Community
    • Login

    Find only files with exact two words

    Scheduled Pinned Locked Moved Help wanted · · · – – – · · ·
    12 Posts 6 Posters 11.5k Views
    Loading More Posts
    • Oldest to Newest
    • Newest to Oldest
    • Most Votes
    Reply
    • Reply as topic
    Log in to reply
    This topic has been deleted. Only users with topic management privileges can see it.
    • Ronny KerkR
      Ronny Kerk
      last edited by

      I have a lot of different files. Notepad++ should only find the files which inlude the two words i’m searching for.
      The two words are not located in the same line, just somewhere in the same file.

      How can i do this?

      1 Reply Last reply Reply Quote 0
      • andrecool-68A
        andrecool-68
        last edited by

        There is the search words in files, he that does not work?

        1 Reply Last reply Reply Quote 0
        • Ronny KerkR
          Ronny Kerk
          last edited by

          Maybe this works, but i would like to do it in notepad. I had used it in notepad a few months ago, but i’ve forgot what i have to put in the search field in notepad. Tried some i found via google but nothing works the way i need it.

          It also finds files which include either one of the words. But i need to find files with both words in.

          Meta ChuhM 1 Reply Last reply Reply Quote 0
          • Meta ChuhM
            Meta Chuh moderator @Ronny Kerk
            last edited by Meta Chuh

            welcome to the notepad++ community, @Ronny-Kerk

            our regex specialists are currently offline, and i’m only at janitor level for regex, but here’s something you could try:

            open up find in files and enter:
            find what: (?=.*word1)(?=.*word2)
            directory: your desired path
            search mode: regular expression
            and hit find all

            1 Reply Last reply Reply Quote 2
            • Ronny KerkR
              Ronny Kerk
              last edited by

              Thanks for your answer.
              I’ve tried it but it does not work. It finds the two words i’m looking for, but just in a big section. Not in the whole file.

              My files (ca. 1,500) are filled with many words. Most files have over 1000 lines. Now i want to give notepad two or maybe more words to look for. For example: “Ronny Kerk” and “1982” are the words i’m looking for. Now notepad should show me all the files where both these two search criterias are included.

              EkopalypseE Alan KilbornA 2 Replies Last reply Reply Quote 2
              • EkopalypseE
                Ekopalypse @Ronny Kerk
                last edited by Ekopalypse

                @Ronny-Kerk

                I’m not promoted to be an regex expert yet but what about using something like

                (?s)(?=.*1982)(?=.*Ronny Kerk).*

                1 Reply Last reply Reply Quote 2
                • Alan KilbornA
                  Alan Kilborn @Ronny Kerk
                  last edited by

                  @Ronny-Kerk

                  I would suggest this:

                  Find: (?si)(\bword1\b.*?\bword2\b)|(\bword2\b.*?\bword1\b)
                  Search mode: Regular expression

                  The \b are there to enforce word boundaries–remove them if not desired. Also this will find word1 and word2 in either order, and without regard to the case.

                  So basically this: I’ve tried it but it does not work. It finds the two words i’m looking for, but just in a big section. Not in the whole file doesn’t make a lot of sense. How can it not work but yet find the 2 words you want? Can you explain more about what you expect versus what happens?
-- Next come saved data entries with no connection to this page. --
(* $\Pi_2\text{-}\mathrm{CSP}(\mathbb{N};\leq) \subseteq \Pi_2\text{-}\mathrm{CSP}(\mathbb{Q};\leq)$.
   Context: Structures over a signature with one binary relation symbol, interpreted as the usual order $\leq$ on $\mathbb{N}$ and $\mathbb{Q}$ respectively. $\Pi_2\text{-}\mathrm{CSP}(\mathcal{A})$ is the set of sentences of the form $\forall\bar x\exists\bar y\,P$, with $P$ a conjunction of atoms (relational atoms and equalities), true in $\mathcal{A}$. *)

theory Defs
  imports Complex_Main
begin

text \<open>Variables of a Pi_2 sentence: Inl i is the universally quantified x_i,
  Inr j is the existentially quantified y_j.\<close>
type_synonym var = "nat + nat"

datatype atom = Rel var var | Equal var var

text \<open>A Pi_2 sentence  forall x. exists y. P  where P is the conjunction of the
  listed atoms (finitely many variables occur).\<close>
type_synonym pi2_sentence = "atom list"

fun val :: "(nat \<Rightarrow> 'a) \<Rightarrow> (nat \<Rightarrow> 'a) \<Rightarrow> var \<Rightarrow> 'a" where
  "val xs ys (Inl i) = xs i"
| "val xs ys (Inr j) = ys j"

fun atom_sat :: "('a \<Rightarrow> 'a \<Rightarrow> bool) \<Rightarrow> (nat \<Rightarrow> 'a) \<Rightarrow> (nat \<Rightarrow> 'a) \<Rightarrow> atom \<Rightarrow> bool" where
  "atom_sat R xs ys (Rel u v) = R (val xs ys u) (val xs ys v)"
| "atom_sat R xs ys (Equal u v) = (val xs ys u = val xs ys v)"

definition pi2_true :: "('a \<Rightarrow> 'a \<Rightarrow> bool) \<Rightarrow> pi2_sentence \<Rightarrow> bool" where
  "pi2_true R P \<longleftrightarrow> (\<forall>xs. \<exists>ys. \<forall>a \<in> set P. atom_sat R xs ys a)"

definition Pi2_CSP :: "('a \<Rightarrow> 'a \<Rightarrow> bool) \<Rightarrow> pi2_sentence set" where
  "Pi2_CSP R = {P. pi2_true R P}"

end

theory Submission
  imports Defs
begin

text \<open>Given values for the universal variables in \<open>\<rat>\<close>, pick a monotone map
  \<open>g : \<nat> \<rightarrow> \<rat>\<close> whose image contains the finitely many values that occur, and
  pull them back to \<open>\<nat>\<close> along \<open>g\<close>. A witness for the existential variables in
  \<open>\<nat>\<close> is pushed forward by \<open>g\<close>; monotone maps preserve \<open>\<le>\<close> and functions
  preserve equality, so this is a witness in \<open>\<rat>\<close>.\<close>

fun atom_vars :: "atom \<Rightarrow> var set" where
  "atom_vars (Rel u v) = {u, v}"
| "atom_vars (Equal u v) = {u, v}"

lemma finite_atom_vars [simp]: "finite (atom_vars a)"
  by (cases a) auto

lemma finite_universal_vars: "finite {i. \<exists>a \<in> set P. Inl i \<in> atom_vars a}"
proof -
  have "{i. \<exists>a \<in> set P. Inl i \<in> atom_vars a} = Inl -` (\<Union>a \<in> set P. atom_vars a)"
    by auto
  then show ?thesis
    by (simp add: finite_vimageI)
qed

lemma atom_sat_cong_universal:
  assumes "\<And>i. Inl i \<in> atom_vars a \<Longrightarrow> xs i = xs' i"
  shows "atom_sat R xs ys a \<longleftrightarrow> atom_sat R xs' ys a"
proof -
  have "val xs ys u = val xs' ys u" if "u \<in> atom_vars a" for u
    using assms that by (cases u) auto
  then show ?thesis
    by (cases a) auto
qed

lemma val_comp: "val (g \<circ> xs) (g \<circ> ys) u = g (val xs ys u)"
  by (cases u) auto

lemma atom_sat_monotone:
  assumes "monotone S R g" and "atom_sat S xs ys a"
  shows "atom_sat R (g \<circ> xs) (g \<circ> ys) a"
  using assms by (cases a) (auto simp: val_comp monotone_def)

lemma pi2_true_transfer:
  assumes covers: "\<And>V. finite V \<Longrightarrow> \<exists>g. monotone S R g \<and> V \<subseteq> range g"
    and "pi2_true S P"
  shows "pi2_true R P"
  unfolding pi2_true_def
proof
  fix xs
  define I where "I = {i. \<exists>a \<in> set P. Inl i \<in> atom_vars a}"
  obtain g where g: "monotone S R g" and range: "xs ` I \<subseteq> range g"
    using covers[of "xs ` I"] finite_universal_vars by (auto simp: I_def)
  obtain ys where ys: "\<forall>a \<in> set P. atom_sat S (inv g \<circ> xs) ys a"
    using \<open>pi2_true S P\<close> by (auto simp: pi2_true_def)
  have "atom_sat R xs (g \<circ> ys) a" if "a \<in> set P" for a
  proof -
    have "xs i = (g \<circ> (inv g \<circ> xs)) i" if "Inl i \<in> atom_vars a" for i
    proof -
      have "xs i \<in> range g"
        using range \<open>a \<in> set P\<close> that by (auto simp: I_def)
      then show ?thesis
        by (simp add: f_inv_into_f)
    qed
    then show ?thesis
      using atom_sat_cong_universal atom_sat_monotone[OF g] ys \<open>a \<in> set P\<close> by metis
  qed
  then show "\<exists>ys. \<forall>a \<in> set P. atom_sat R xs ys a"
    by blast
qed

lemma Pi2_CSP_subset_if_monotone_covers:
  assumes "\<And>V. finite V \<Longrightarrow> \<exists>g. monotone S R g \<and> V \<subseteq> range g"
  shows "Pi2_CSP S \<subseteq> Pi2_CSP R"
  using pi2_true_transfer[OF assms] by (auto simp: Pi2_CSP_def)

lemma finite_subset_range_mono_nat:
  fixes V :: "'a :: linorder set"
  assumes "finite V"
  shows "\<exists>g :: nat \<Rightarrow> 'a. mono g \<and> V \<subseteq> range g"
proof (cases "V = {}")
  case True
  then show ?thesis
    by (auto intro: monoI)
next
  case False
  define xs where "xs = sorted_list_of_set V"
  define g where "g n = xs ! min n (length xs - 1)" for n
  have "sorted xs" "length xs > 0"
    using assms False by (simp_all add: xs_def card_gt_0_iff)
  then have "mono g"
    unfolding g_def by (intro monoI sorted_nth_mono) (auto simp: min.mono min_less_iff_disj)
  moreover have "V \<subseteq> range g"
  proof
    fix v assume "v \<in> V"
    then have "v \<in> set xs"
      using assms by (simp add: xs_def)
    then obtain n where "n < length xs" "xs ! n = v"
      by (auto simp: in_set_conv_nth)
    then show "v \<in> range g"
      by (intro range_eqI[of _ _ n]) (simp add: g_def)
  qed
  ultimately show ?thesis
    by blast
qed

theorem mainTheorem6:
  shows "Pi2_CSP ((\<le>) :: nat \<Rightarrow> nat \<Rightarrow> bool) \<subseteq> Pi2_CSP ((\<le>) :: rat \<Rightarrow> rat \<Rightarrow> bool)"
  by (rule Pi2_CSP_subset_if_monotone_covers) (use finite_subset_range_mono_nat in \<open>auto simp: mono_def monotone_def\<close>)

end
                  Note that Notepad++ can’t directly give you a list of files. It can only give you a list of matches, which includes the filenames but also has more information about the matches.
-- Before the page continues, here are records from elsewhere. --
lemma greedy_out_card_bound:
  assumes "greedy_out E Q R B h cs cr P C S out"
    and "h > 0" "cs > 0" "cr \<ge> 0" "k \<ge> 1"
    and relay_cost: "cr * (real h - 1) \<le> cs / (real k * (real k + 1))"
    and bs: "bs \<in> B" "Qi E Q R B h bs = Q"
    and "C \<subseteq> Q" "bs \<in> P \<longrightarrow> Q \<subseteq> C"
  shows "real (card (fst out)) \<le> real (card P) + greedy_sink_bound k (card (Q - C)) \<and>
    card (snd out) \<le> card S + (h - 1) * card (Q - C)"
  using assms(1,9,10)
proof (induction rule: greedy_out.induct)
  case (stop C P S)
  then show ?case by (simp add: greedy_sink_bound_def)
next
  case (step C P S P' C' S' out)
  have "bs \<in> B - P" using bs(1) step.hyps(1) step.prems(2) by blast
  then obtain T where T: "T \<subseteq> Q - C" "T \<noteq> {}" and C': "C' = C \<union> T"
    and P': "card P' \<le> card P + 1" and S': "card S' \<le> card S + (h - 1) * card T"
    and bs_P': "bs \<in> P' \<Longrightarrow> T = Q - C"
    and effectiveness: "cs / real (card T) \<le> cs / real (card (Q - C)) + cr * (real h - 1)"
    using greedy_step_progress [OF step.hyps(2) \<open>h > 0\<close> \<open>cr \<ge> 0\<close> step.prems(1) step.hyps(1) _ bs(2)]
    by metis
  define u where "u = card (Q - C)"
  define t where "t = card T"
  have finite_T: "finite T" using T(1) finite_Q by (auto intro: finite_subset)
  have "1 \<le> t" using T(2) finite_T by (simp add: t_def Suc_leI card_gt_0_iff)
  have "t \<le> u" using T(1) finite_Q by (simp add: t_def u_def card_mono)
  have "Q - C' = (Q - C) - T" by (auto simp: C')
  then have uncovered': "card (Q - C') = u - t"
    using T(1) finite_T by (simp add: t_def u_def card_Diff_subset)
  have "cs * (1 / real t) \<le> cs * (1 / real u + 1 / (real k * (real k + 1)))"
    using effectiveness relay_cost by (simp add: t_def u_def distrib_left)
  then have "1 / real t \<le> 1 / real u + 1 / (real k * (real k + 1))"
    by (subst (asm) mult_le_cancel_left_pos [OF \<open>cs > 0\<close>])
  then have sink_step: "1 + greedy_sink_bound k (u - t) \<le> greedy_sink_bound k u"
    using greedy_sink_bound_step \<open>k \<ge> 1\<close> \<open>1 \<le> t\<close> \<open>t \<le> u\<close> by blast
  have "C' \<subseteq> Q" "bs \<in> P' \<longrightarrow> Q \<subseteq> C'" using step.prems(1) T(1) bs_P' C' by auto
  then have IH: "real (card (fst out)) \<le> real (card P') + greedy_sink_bound k (u - t)"
      "card (snd out) \<le> card S' + (h - 1) * (u - t)"
    using step.IH uncovered' by auto
  have "real (card (fst out)) \<le> real (card P) + greedy_sink_bound k u"
    using IH(1) P' sink_step by linarith
  moreover have "(h - 1) * t + (h - 1) * (u - t) = (h - 1) * u"
    using \<open>t \<le> u\<close> by (metis add_mult_distrib2 le_add_diff_inverse)
  then have "card (snd out) \<le> card S + (h - 1) * u"
    using IH(2) S' unfolding t_def by linarith
  ultimately show ?case unfolding u_def ..
qed

lemma smart_select_cost_le:
  assumes "smart_select E Q R B h cs cr (Bout, Rout)"
    and "h > 0" "cs > 0" "cr \<ge> 0" "k \<ge> 1"
    and relay_cost: "cr * (real h - 1) \<le> cs / (real k * (real k + 1))"
    and bs: "bs \<in> B" "Qi E Q R B h bs = Q"
  shows "cost cs cr Bout Rout \<le> cs * (1 + real (card Q) / real k)"
proof (cases "\<exists>b\<in>B. \<forall>q\<in>Q. reach E (Q \<union> B) q b h")
  case True
  then obtain b where "Bout = {b}" "Rout = {}"
    using assms(1) unfolding smart_select_def by auto
  then show ?thesis using \<open>cs > 0\<close> by (simp add: cost_def)
next
  case False
  define m where "m = card Q"
  have "greedy_out E Q R B h cs cr {} {} {} (Bout, Rout)"
    using assms(1) False unfolding smart_select_def by auto
  from greedy_out_card_bound [OF this assms(2-5) relay_cost bs]
  have sinks: "real (card Bout) \<le> greedy_sink_bound k m"
    and relays: "card Rout \<le> (h - 1) * m"
    by (simp_all add: m_def)
  have "real (card Rout) \<le> real ((h - 1) * m)" using relays by (simp only: of_nat_le_iff)
  then have "real (card Rout) \<le> (real h - 1) * real m" using \<open>h > 0\<close> by (simp add: of_nat_diff)
  then have "cost cs cr Bout Rout \<le> cs * (real m / real (k + 1) + 1) + cr * ((real h - 1) * real m)"
    unfolding cost_def using sinks greedy_sink_bound_le [of k m] \<open>cs > 0\<close> \<open>cr \<ge> 0\<close>
    by (intro add_mono mult_left_mono) auto
  also have "\<dots> \<le> cs * (real m / real (k + 1) + 1) + cs / (real k * (real k + 1)) * real m"
    using mult_right_mono [OF relay_cost, of "real m"] by (simp add: mult.assoc)
  also have "\<dots> = cs * (1 + real m / real k)"
  proof -
    have k: "real k > 0" using \<open>k \<ge> 1\<close> by simp
    then have "real m / (real k + 1) = real m * real k / (real k * (real k + 1))" by simp
    also have "\<dots> + real m / (real k * (real k + 1)) = real m * (real k + 1) / (real k * (real k + 1))"
      by (simp add: add_divide_distrib [symmetric] algebra_simps)
    also have "\<dots> = real m / real k" using k by simp
    finally have "real m / real k = real m / (real k + 1) + real m / (real k * (real k + 1))" ..
    then show ?thesis by (simp add: algebra_simps)
  qed
  finally show ?thesis unfolding m_def .
qed

end

theorem corollary1:
  fixes E :: "'v \<Rightarrow> 'v \<Rightarrow> bool" and Q R B :: "'v set" and h :: nat
    and cs cr \<alpha> :: real and Bout Rout :: "'v set"
  assumes "finite Q" "finite R" "finite B"
    and "Q \<inter> R = {}" "Q \<inter> B = {}" "R \<inter> B = {}"
    and "\<And>x y. E x y \<Longrightarrow> E y x"
    and "h > 0" and "cs > 0" and "cr > 0"
    and "Q \<noteq> {}"
    and "\<exists>b R'. feasible E Q R B h {b} R'"
    and "0 < \<alpha>" "\<alpha> \<le> 1"
    and "cs / cr \<ge> of_int \<lceil>\<alpha> * real (card Q)\<rceil> * (of_int \<lceil>\<alpha> * real (card Q)\<rceil> + 1) * (real h - 1)"
    and "smart_select E Q R B h cs cr (Bout, Rout)"
  shows "\<forall>B' R'. feasible E Q R B h B' R' \<longrightarrow>
           cost cs cr Bout Rout \<le> (1 + 1 / \<alpha>) * cost cs cr B' R'"
proof (intro allI impI)
  fix B' R' assume feasible: "feasible E Q R B h B' R'"
  interpret mssn_instance E Q R B h using assms(1-6) by unfold_locales
  define k where "k = nat \<lceil>\<alpha> * real (card Q)\<rceil>"
  have "\<alpha> * real (card Q) > 0" using assms(1,11,13) by (simp add: card_gt_0_iff)
  then have k: "real k = of_int \<lceil>\<alpha> * real (card Q)\<rceil>" "\<alpha> * real (card Q) \<le> real k" "k \<ge> 1"
    unfolding k_def by linarith+
  have "cr * (real h - 1) * (real k * (real k + 1)) \<le> cs"
    using assms(10,15) k(1) by (simp add: field_simps)
  moreover have "real k * (real k + 1) > 0" using k(3) by simp
  ultimately have relay_cost: "cr * (real h - 1) \<le> cs / (real k * (real k + 1))"
    by (simp add: pos_le_divide_eq)
  obtain bs R\<^sub>s where "feasible E Q R B h {bs} R\<^sub>s" using assms(12) by blast
  note bs = feasible_single_sink_Qi [OF this]
  have "cost cs cr Bout Rout \<le> cs * (1 + real (card Q) / real k)"
    using smart_select_cost_le assms(8-10,16) k(3) relay_cost bs by (simp add: less_imp_le)
  also have "\<dots> \<le> cs * (1 + 1 / \<alpha>)"
    using k(2,3) assms(9,13) by (simp add: field_simps)
  also have "\<dots> \<le> (1 + 1 / \<alpha>) * cost cs cr B' R'"
  proof -
    have "cs \<le> cost cs cr B' R'"
      using cost_ge_sink_cost [OF feasible assms(3,11)] assms(9,10) by simp
    moreover have "0 \<le> 1 + 1 / \<alpha>" using assms(13) by simp
    ultimately show ?thesis by (metis mult.commute mult_right_mono)
  qed
  finally show "cost cs cr Bout Rout \<le> (1 + 1 / \<alpha>) * cost cs cr B' R'" .
qed

end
                  EkopalypseE Ronny KerkR 2 Replies Last reply Reply Quote 2
                  • EkopalypseE
                    Ekopalypse @Alan Kilborn
                    last edited by

                    @Alan-Kilborn

                    may I ask you, where do you see the advantage of using alternations versus lookaheads?

                    Alan KilbornA 1 Reply Last reply Reply Quote 1
                    • Alan KilbornA
                      Alan Kilborn @Ekopalypse
                      last edited by

                      @Ekopalypse said:

                      where do you see the advantage of using alternations versus lookaheads?
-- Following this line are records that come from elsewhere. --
(* Let $\lambda>0$, $L=D^2+\lambda^2$ and $[a,b]=[0,\pi/\lambda]$. Consider partitions $\Delta=\{0=t_1<\dots<t_n=\pi/\lambda\}$ in which one subsegment $[t_j,t_{j+1}]$ has length $\pi/\lambda-\varepsilon$ (so that the sum of the lengths of all other subsegments is $\varepsilon>0$). Then, as $\varepsilon\to 0$, uniformly in such partitions and in $f\in C[a,b]$, \[ \max_{i=1,\dots,n}\bigl|P_{\mathbb{S}(L,\Delta)}f(t_i)\bigr|\le\Bigl(\frac{38}{\pi}+O(\varepsilon)\Bigr)\|f\|_\infty . \]
   Context: The space of trigonometric $L$-splines $\mathbb{S}(L,\Delta)$ consists of the continuous functions $s$ on $[a,b]$ such that on each subsegment $[t_i,t_{i+1}]$ of the partition, $s$ is a linear combination of $\sin\lambda x$ and $\cos\lambda x$. $P_{\mathbb{S}(L,\Delta)}:C[a,b]\to\mathbb{S}(L,\Delta)$ is the orthogonal projection with respect to the $L_2[a,b]$ inner product, i.e. $P f\in\mathbb{S}(L,\Delta)$ and $\langle f,s\rangle=\langle Pf,s\rangle$ for all $s\in\mathbb{S}(L,\Delta)$. $\|f\|_\infty$ denotes the uniform norm on $[a,b]$. *)

theory Defs
  imports "HOL-Analysis.Analysis"
begin

definition is_partition :: "real \<Rightarrow> nat \<Rightarrow> (nat \<Rightarrow> real) \<Rightarrow> bool" where
  "is_partition b n t \<longleftrightarrow> 2 \<le> n \<and> t 1 = 0 \<and> t n = b \<and> (\<forall>i\<in>{1..<n}. t i < t (Suc i))"

text \<open>Trigonometric L-splines for L = D^2 + lam^2 on [0, pi/lam] with knots t 1..t n.\<close>
definition trig_spline_space :: "real \<Rightarrow> nat \<Rightarrow> (nat \<Rightarrow> real) \<Rightarrow> (real \<Rightarrow> real) set" where
  "trig_spline_space lam n t =
     {s. continuous_on {0..pi/lam} s \<and>
         (\<forall>i\<in>{1..<n}. \<exists>\<alpha> \<beta>. \<forall>x\<in>{t i..t (Suc i)}. s x = \<alpha> * sin (lam * x) + \<beta> * cos (lam * x))}"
                      I suppose for the current case of the OP, it doesn’t matter, but if I were doing it, I suspect I might like to see the range where my match was found, in certain instances. The lookahead approach selects as a match the entire file contents. BTW, I’m always nervous when the regex engine causes an entire file contents match. It makes me think it has failed in a big way…see here.

                      If the 2 words need to occur on a single line (not the OP’s case!), I am not reluctant to use the lookahead approach, the classic example of which is here. I always remember that one by recalling it is the “jack” approach. :)

                      EkopalypseE 1 Reply Last reply Reply Quote 3
                      • EkopalypseE
                        Ekopalypse @Alan Kilborn
                        last edited by

                        @Alan-Kilborn

                        thank you very much. I guess I understood :-)

                        1 Reply Last reply Reply Quote 1
                        • Ronny KerkR
                          Ronny Kerk @Alan Kilborn
                          last edited by

                          @Alan-Kilborn said:

                          @Ronny-Kerk

                          I would suggest this:

                          Find: (?si)(\bword1\b.*?\bword2\b)|(\bword2\b.*?\bword1\b)
                          Search mode: Regular expression

                          Hello Alan,
                          this is the solution. It works like it should. Thanks for your help.

                          1 Reply Last reply Reply Quote 3
                          • guy038G
                            guy038
                            last edited by guy038

                            Hello, @ronny-kerk, @andrecool-68, @meta-chuh, @ekopalypse, @alan-kilborn and All,

                            Here is a general method to list all files which contains word1 AND word2 AND word3 AND … wordN. The + of that solution is it should be fast enough and that you do not need to worry about regex problems, as the use of the (?s) syntax, look-arounds, and the order of the different words to match :-))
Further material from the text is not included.